You are of course right that we should judge judges by their records in totality. But Reinhardt is notorious for his frequent unanimous reversals by the Supreme Court. The only way this smackdown could be more fitting is if it had been on one of his trademark lawless AEDPA opinions.

Joe said...

Justice Scalia is also "well-known" (if more so) for having certain strongly held opinions for which it is very very unlikely he would change his mind.

Prof. Dorf said in this specific area, especially given all the factors, Judge Reinhardt was very unlikely to change his mind. And, on certain issues, let's say abortion, I would say it is unlikely Scalia would change his mind in eleven years. Or likely ever. Thirty years of strong belief tells me this. Now, again, there might be a very small chance he might. I think taking Prof. Dorf totally literally there however is a tad lame.

I appreciate you agreeing with me on the last topic. Thus, again, even if he was wrong on one topic, honoring his decades worth of service is appropriate. But, you don't like him for various reasons, so support the disrespect.

Michael C. Dorf said...

I agree with Joe's response to Salem Al-Damluji, whose own comments are much more disrespectful than the SCOTUS per curiam. Judge Reinhardt's opinion in the Watkins case is a good example of his understanding of the limits of his role. So are the examples cited in fn 12 of Prof Crespo's tribute in the Harvard Law Review. In that same issue, Justice Sotomayor makes a similar point. So do I. Here's the link:

Asher Steinberg said...

I have to say that I agree with Salem that when you put things like this, you make Reinhardt sound rather hackish, as if it's inconceivable that he would ever cast a vote for an Equal Pay Act defendant:

"This was a case under the Equal Pay Act in which the en banc panel affirmed the denial of a summary judgment motion by the employer. Anyone remotely familiar with Judge Reinhardt, his values, or even the text of the en banc opinion he wrote in this case would understand that he would not have changed his mind. Not in eleven days, not in eleven years, not ever."

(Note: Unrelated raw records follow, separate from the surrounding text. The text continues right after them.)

(* There exist polynomials $p_n(k)\in\mathbb{Q}[k]$, $n\geq0$, with $\deg p_n=2n$, such that for all integers $k\geq0$, \[ \left[ \sqrt{ \wp(p,q) - 4G_2(q) }^{\,2k+1} \right]_{p^0} = \frac{1}{2^{2k+1}}\sum_{n \geq 0} p_n(k)\, q^n. \]
   Context: For even $k\geq2$, $G_k(q)=-\frac{B_k}{2k}+\sum_{n\geq1}\sum_{d|n}d^{k-1}q^n$, in particular $G_2=-\frac1{24}+\sum_{n\geq1}\sigma_1(n)q^n$. Set $\wp(p,q)=\frac{1}{12}+\frac{p}{(1-p)^2}+\sum_{d\geq1}\sum_{k|d}k(p^k-2+p^{-k})q^d$, a power series in $q$ whose coefficients are rational functions of $p$; then $\wp(p,q)-4G_2(q)=\frac14\frac{(p+1)^2}{(p-1)^2}+O(q)$. $\sqrt{\wp(p,q)-4G_2(q)}$ denotes the unique power series in $q$ with coefficients rational functions of $p$ whose square is $\wp(p,q)-4G_2(q)$ and whose $q^0$-coefficient is $\frac12\frac{p+1}{p-1}$. For a power series in $q$ with rational-function coefficients in $p$ (with poles only at $p\in\{0,\pm1\}$), $[\cdot]_{p^0}$ expands each $q$-coefficient as a Laurent series in $p^{-1}$ (i.e. in the region $|p|>1$) and takes its constant term, giving a power series in $q$. *)

theory Defs
  imports "HOL-Computational_Algebra.Computational_Algebra"
begin

text \<open>Coefficient field for q-series: formal Laurent series in the variable p^(-1)
  (finitely many negative powers of p^(-1)) over the rationals.  The variable p itself is
  the element fls_X_inv; a rational function of p evaluated in this field is exactly its
  Laurent expansion in the region |p| > 1.\<close>

abbreviation pvar :: "rat fls" where "pvar \<equiv> fls_X_inv"

definition sigma1 :: "nat \<Rightarrow> nat" where
  "sigma1 n = (\<Sum>d | d dvd n. d)"

definition G2 :: "'a::field_char_0 fps" where
  "G2 = Abs_fps (\<lambda>n. if n = 0 then - 1 / 24 else of_nat (sigma1 n))"

definition wp :: "rat fls fps" where
  "wp = Abs_fps (\<lambda>d. if d = 0 then 1 / 12 + pvar / (1 - pvar)\<^sup>2
        else (\<Sum>k | k dvd d. of_nat k * (pvar ^ k - 2 + inverse pvar ^ k)))"

definition sqrtW :: "rat fls fps" where
  "sqrtW = (THE S. S\<^sup>2 = wp - 4 * G2 \<and> fps_nth S 0 = (1 / 2) * (pvar + 1) / (pvar - 1))"

definition const_p :: "rat fls fps \<Rightarrow> rat fps" where
  "const_p F = Abs_fps (\<lambda>n. fls_nth (fps_nth F n) 0)"

end

theory Submission
  imports Defs
begin

text \<open>Write \<open>x = p\<^sup>-\<^sup>1\<close>, let \<open>T = 2 \<surd>(\<wp> - 4 G\<^sub>2)\<close> and \<open>Z = T\<^sup>2 - 1 = 4 (\<wp> - 4 G\<^sub>2) - 1\<close>, and give
  \<open>x\<close> weight 1 and \<open>q\<close> weight 2. Then \<open>Z\<close> and \<open>T - 1\<close> only contain monomials of weight at least 1,
  so in \<open>2\<^bsup>2k+1\<^esup> \<surd>(\<wp> - 4 G\<^sub>2)\<^bsup>2k+1\<^esup> = T (1 + Z)\<^sup>k = \<Sum>\<^sub>i (k choose i) T Z\<^sup>i\<close> the \<open>p\<^sup>0 q\<^sup>n\<close>-coefficient
  \<open>c\<^sub>n\<^sub>,\<^sub>i\<close> of \<open>T Z\<^sup>i\<close> vanishes for \<open>i > 2n\<close>. The \<open>p\<^sup>0 q\<^sup>n\<close>-coefficient of the left side is therefore
  \<open>\<Sum>\<^sub>i\<^sub>\<le>\<^sub>2\<^sub>n c\<^sub>n\<^sub>,\<^sub>i (k choose i)\<close>, a polynomial in \<open>k\<close> of degree at most \<open>2n\<close>. Modulo weight \<open>2n + 1\<close>,
  \<open>T Z\<^bsup>2n\<^esup>\<close> agrees with \<open>(4x + 4pq)\<^bsup>2n\<^esup>\<close>, whose \<open>p\<^sup>0 q\<^sup>n\<close>-coefficient is \<open>(2n choose n) 16\<^sup>n \<noteq> 0\<close>;
  so the degree is exactly \<open>2n\<close>.\<close>

unbundle fps_syntax

section \<open>Order in \<open>p\<^sup>-\<^sup>1\<close> and a weight filtration\<close>

definition fls_order_ge :: "'a::zero fls \<Rightarrow> int \<Rightarrow> bool" where
  "fls_order_ge f a \<longleftrightarrow> (\<forall>k<a. f $$ k = 0)"

lemma fls_order_ge_iff_subdegree: "fls_order_ge f a \<longleftrightarrow> f = 0 \<or> a \<le> fls_subdegree f"
  unfolding fls_order_ge_def
  by (metis fls_eq0_below_subdegree fls_zero_nth linorder_not_le
      nth_fls_subdegree_nonzero order_less_le_trans)

lemma fls_order_ge_mono: "fls_order_ge f a \<Longrightarrow> b \<le> a \<Longrightarrow> fls_order_ge f b"
  unfolding fls_order_ge_def by simp

lemma fls_order_ge_0 [simp]: "fls_order_ge 0 a"
  unfolding fls_order_ge_def by simp

lemma fls_order_ge_add: "fls_order_ge f a \<Longrightarrow> fls_order_ge g a \<Longrightarrow> fls_order_ge (f + g) a"
  unfolding fls_order_ge_def by simp

lemma fls_order_ge_diff:
  fixes f g :: "'a::group_add fls"
  shows "fls_order_ge f a \<Longrightarrow> fls_order_ge g a \<Longrightarrow> fls_order_ge (f - g) a"
  unfolding fls_order_ge_def by simp

lemma fls_order_ge_sum:
  "(\<And>i. i \<in> A \<Longrightarrow> fls_order_ge (f i) a) \<Longrightarrow> fls_order_ge (\<Sum>i\<in>A. f i) a"
  unfolding fls_order_ge_def by (simp add: fls_nth_sum)

lemma fls_order_ge_mult:
  fixes f g :: "'a::semiring_no_zero_divisors fls"
  shows "fls_order_ge f a \<Longrightarrow> fls_order_ge g b \<Longrightarrow> fls_order_ge (f * g) (a + b)"
  unfolding fls_order_ge_iff_subdegree by (metis add_mono fls_subdegree_mult mult_eq_0_iff)

lemma fls_order_ge_inverse:
  fixes f :: "'a::division_ring fls"
  assumes "fls_order_ge f 0" and "f $$ 0 \<noteq> 0"
  shows "fls_order_ge (inverse f) 0"
proof -
  have "fls_subdegree f = 0"
    using assms by (metis fls_order_ge_iff_subdegree fls_subdegree_leI fls_zero_nth order_antisym)
  then show ?thesis unfolding fls_order_ge_iff_subdegree by simp
qed

lemma fls_order_ge_1 [simp]: "fls_order_ge 1 0"
  and fls_order_ge_of_nat [simp]: "fls_order_ge (of_nat m) 0"
  and fls_order_ge_numeral [simp]: "fls_order_ge (numeral n) 0"
  unfolding fls_order_ge_def by (simp_all add: fls_of_nat_nth)

lemma fls_order_ge_X_power [simp]: "fls_order_ge (fls_X ^ m) (int m)"
  and fls_order_ge_X_inv_power [simp]: "fls_order_ge (fls_X_inv ^ m) (- int m)"
  unfolding fls_order_ge_iff_subdegree by simp_all

lemma fls_order_ge_X [simp]: "fls_order_ge (fls_X :: 'a::zero_neq_one fls) 1"
  unfolding fls_order_ge_iff_subdegree by simp

lemma fls_order_ge_power:
  fixes f :: "'a::{semiring_1, semiring_no_zero_divisors} fls"
  assumes "fls_order_ge f a"
  shows "fls_order_ge (f ^ m) (int m * a)"
proof (induction m)
  case (Suc m)
  then show ?case
    using fls_order_ge_mult[OF assms Suc.IH] by (simp add: algebra_simps)
qed simp

definition weight_ge :: "int \<Rightarrow> 'a::zero fls fps \<Rightarrow> bool" where
  "weight_ge w F \<longleftrightarrow> (\<forall>n. fls_order_ge (F $ n) (w - 2 * int n))"

lemma weight_ge_nth_eq_0: "weight_ge w F \<Longrightarrow> k + 2 * int n < w \<Longrightarrow> F $ n $$ k = 0"
  unfolding weight_ge_def fls_order_ge_def by auto

lemma weight_ge_mono: "weight_ge a F \<Longrightarrow> b \<le> a \<Longrightarrow> weight_ge b F"
  unfolding weight_ge_def by (meson diff_right_mono fls_order_ge_mono)

lemma weight_ge_add: "weight_ge a F \<Longrightarrow> weight_ge a G \<Longrightarrow> weight_ge a (F + G)"
  unfolding weight_ge_def by (simp add: fls_order_ge_add)

lemma weight_ge_1: "weight_ge 0 (1 :: 'a::zero_neq_one fls fps)"
  unfolding weight_ge_def fls_order_ge_def by simp

lemma weight_ge_mult:
  fixes F G :: "'a::idom fls fps"
  assumes "weight_ge a F" and "weight_ge b G"
  shows "weight_ge (a + b) (F * G)"
  unfolding weight_ge_def fps_mult_nth
proof (intro allI fls_order_ge_sum)
  fix n i :: nat assume "i \<in> {0..n}"
  then have "a + b - 2 * int n = (a - 2 * int i) + (b - 2 * int (n - i))"
    by auto
  then show "fls_order_ge (F $ i * G $ (n - i)) (a + b - 2 * int n)"
    using assms unfolding weight_ge_def by (metis fls_order_ge_mult)
qed

lemma weight_ge_power:
  fixes F :: "'a::idom fls fps"
  assumes "weight_ge a F"
  shows "weight_ge (int m * a) (F ^ m)"
proof (induction m)
  case 0
  then show ?case by (simp add: weight_ge_1)
next
  case (Suc m)
  then show ?case
    using weight_ge_mult[OF assms Suc.IH] by (simp add: algebra_simps)
qed

lemma weight_ge_power_diff:
  fixes F G :: "'a::idom fls fps"
  assumes F: "weight_ge a F" and G: "weight_ge a G" and FG: "weight_ge (a + 1) (F - G)"
  shows "weight_ge (int m * a + 1) (F ^ m - G ^ m)"
proof (induction m)
  case 0
  then show ?case by (simp add: weight_ge_def)
next
  case (Suc m)
  have "F ^ Suc m - G ^ Suc m = F * (F ^ m - G ^ m) + (F - G) * G ^ m"
    by (simp add: algebra_simps)
  moreover have "weight_ge (a + (int m * a + 1)) (F * (F ^ m - G ^ m))"
    using F Suc.IH by (rule weight_ge_mult)
  moreover have "weight_ge ((a + 1) + int m * a) ((F - G) * G ^ m)"
    using FG weight_ge_power[OF G] by (rule weight_ge_mult)
  moreover have "(a + 1) + int m * a = a + (int m * a + 1)" "int (Suc m) * a + 1 = a + (int m * a + 1)"
    by (simp_all add: algebra_simps)
  ultimately show ?case
    by (metis weight_ge_add)
qed

lemma fps_square_nth:
  fixes S :: "'a::comm_semiring_1 fps"
  assumes "n > 0"
  shows "(S ^ 2) $ n = 2 * S $ 0 * S $ n + (\<Sum>i\<in>{1..n-1}. S $ i * S $ (n - i))"
proof -
  have "{0..n} = insert 0 (insert n {1..n-1})"
    using assms by auto
  then have "(S ^ 2) $ n = S $ 0 * S $ n + (S $ n * S $ 0 + (\<Sum>i\<in>{1..n-1}. S $ i * S $ (n - i)))"
    using assms by (simp add: power2_eq_square fps_mult_nth)
  then show ?thesis
    by (simp only: mult_2 distrib_right mult.commute[of "S $ n" "S $ 0"] add.assoc)
qed

lemma ex1_fps_sqrt:
  fixes W :: "'a::field_char_0 fps"
  assumes "s ^ 2 = W $ 0" and "s \<noteq> 0"
  shows "\<exists>!S. S ^ 2 = W \<and> S $ 0 = s"
  unfolding Suc_1[symmetric]
proof (rule ex1I)
  let ?R = "fps_radical (\<lambda>_ _. s) (Suc 1) W"
  have s: "s ^ Suc 1 = W $ 0"
    using assms(1) by (simp add: numeral_2_eq_2)
  have W0: "W $ 0 \<noteq> 0"
    using assms by auto
  show "?R ^ Suc 1 = W \<and> ?R $ 0 = s"
    using power_radical[of W "\<lambda>_ _. s" 1, OF W0] s by simp
  show "S = ?R" if "S ^ Suc 1 = W \<and> S $ 0 = s" for S
    using radical_unique[of "\<lambda>_ _. s" 1 W S, OF s _ W0] that by simp
qed

text \<open>Solving \<open>S\<^sup>2 = 1 + Z\<close> coefficientwise, \<open>2 S\<^sub>0 S\<^sub>n\<close> is \<open>Z\<^sub>n\<close> minus products
  of earlier coefficients, and \<open>S\<^sub>0\<close> is a unit of order 0.\<close>

lemma weight_ge_sqrt:
  fixes S :: "'a::field_char_0 fls fps"
  assumes w: "0 < w" and sq: "weight_ge w (S ^ 2 - 1)" and S0: "fls_order_ge (S $ 0 - 1) w"
  shows "weight_ge w (S - 1)"
proof -
  let ?c = "inverse (2 * S $ 0)"
  have "fls_order_ge (S $ 0 - 1) 0"
    using S0 w by (simp add: fls_order_ge_mono)
  then have "fls_order_ge (2 * S $ 0) 0"
    using fls_order_ge_mult[OF fls_order_ge_numeral fls_order_ge_add[OF _ fls_order_ge_1]] by fastforce
  moreover have "(S $ 0 - 1) $$ 0 = 0"
    using S0 w unfolding fls_order_ge_def by simp
  then have S00: "(2 * S $ 0) $$ 0 = 2"
    by simp
  ultimately have c: "fls_order_ge ?c 0"
    by (intro fls_order_ge_inverse) simp_all
  have nz: "2 * S $ 0 \<noteq> 0"
    using S00 by auto
  have tail: "fls_order_ge (S $ n) (w - 2 * int n)" if "n > 0" for n
    using that
  proof (induction n rule: less_induct)
    case (less n)
    have "fls_order_ge ((S ^ 2 - 1) $ n) (w - 2 * int n)"
      using sq unfolding weight_ge_def by blast
    then have "fls_order_ge ((S ^ 2) $ n) (w - 2 * int n)"
      using less.prems by simp
    moreover have "fls_order_ge (S $ i * S $ (n - i)) (w - 2 * int n)" if "i \<in> {1..n-1}" for i
    proof -
      have "fls_order_ge (S $ i * S $ (n - i)) ((w - 2 * int i) + (w - 2 * int (n - i)))"
        using that by (intro fls_order_ge_mult less.IH) auto
      then show ?thesis
        by (rule fls_order_ge_mono) (use that w in auto)
    qed
    ultimately have "fls_order_ge ((S ^ 2) $ n - (\<Sum>i\<in>{1..n-1}. S $ i * S $ (n - i))) (w - 2 * int n)"
      by (intro fls_order_ge_diff fls_order_ge_sum)
    then have "fls_order_ge (?c * ((S ^ 2) $ n - (\<Sum>i\<in>{1..n-1}. S $ i * S $ (n - i)))) (w - 2 * int n)"
      using fls_order_ge_mult[OF c] by fastforce
    moreover have "?c * ((S ^ 2) $ n - (\<Sum>i\<in>{1..n-1}. S $ i * S $ (n - i))) = ?c * (2 * S $ 0) * S $ n"
      by (simp add: fps_square_nth[OF less.prems] mult.assoc)
    moreover have "?c * (2 * S $ 0) * S $ n = S $ n"
      by (simp only: left_inverse[OF nz] mult_1_left)
    ultimately show ?case
      by (simp only:)
  qed
  show ?thesis
    unfolding weight_ge_def
  proof
    fix n
    show "fls_order_ge ((S - 1) $ n) (w - 2 * int n)"
      using S0 tail[of n] by (cases "n = 0") simp_all
  qed
qed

Of course, I realize (or hope) that you don't think that Reinhardt automatically voted for plaintiffs in Equal Pay Act cases and must think there's something more specific about this case that makes reconsideration especially unlikely, but you would have to say a lot more than what you said, which was just that he voted against the employer in an Equal Pay Act en banc, to spell that out. As written, I got the impression that you were suggesting the Equal Pay Act, like death penalty habeas (where I believe he never voted for the state), was an area of the law where he always found a way to vote for a particular side. Which does sound hackish.

Michael C. Dorf said...

Yes, obviously, I meant it was an Equal Pay Act in which, after briefing and oral argument, Judge Reinhardt sided with the plaintiff. Only a fool or a troll would think that I meant that Judge Reinhardt would side with every plaintiff in an Equal Pay Act case or any other category of case. He routinely affirmed judgments for defendants where plaintiffs had weak cases.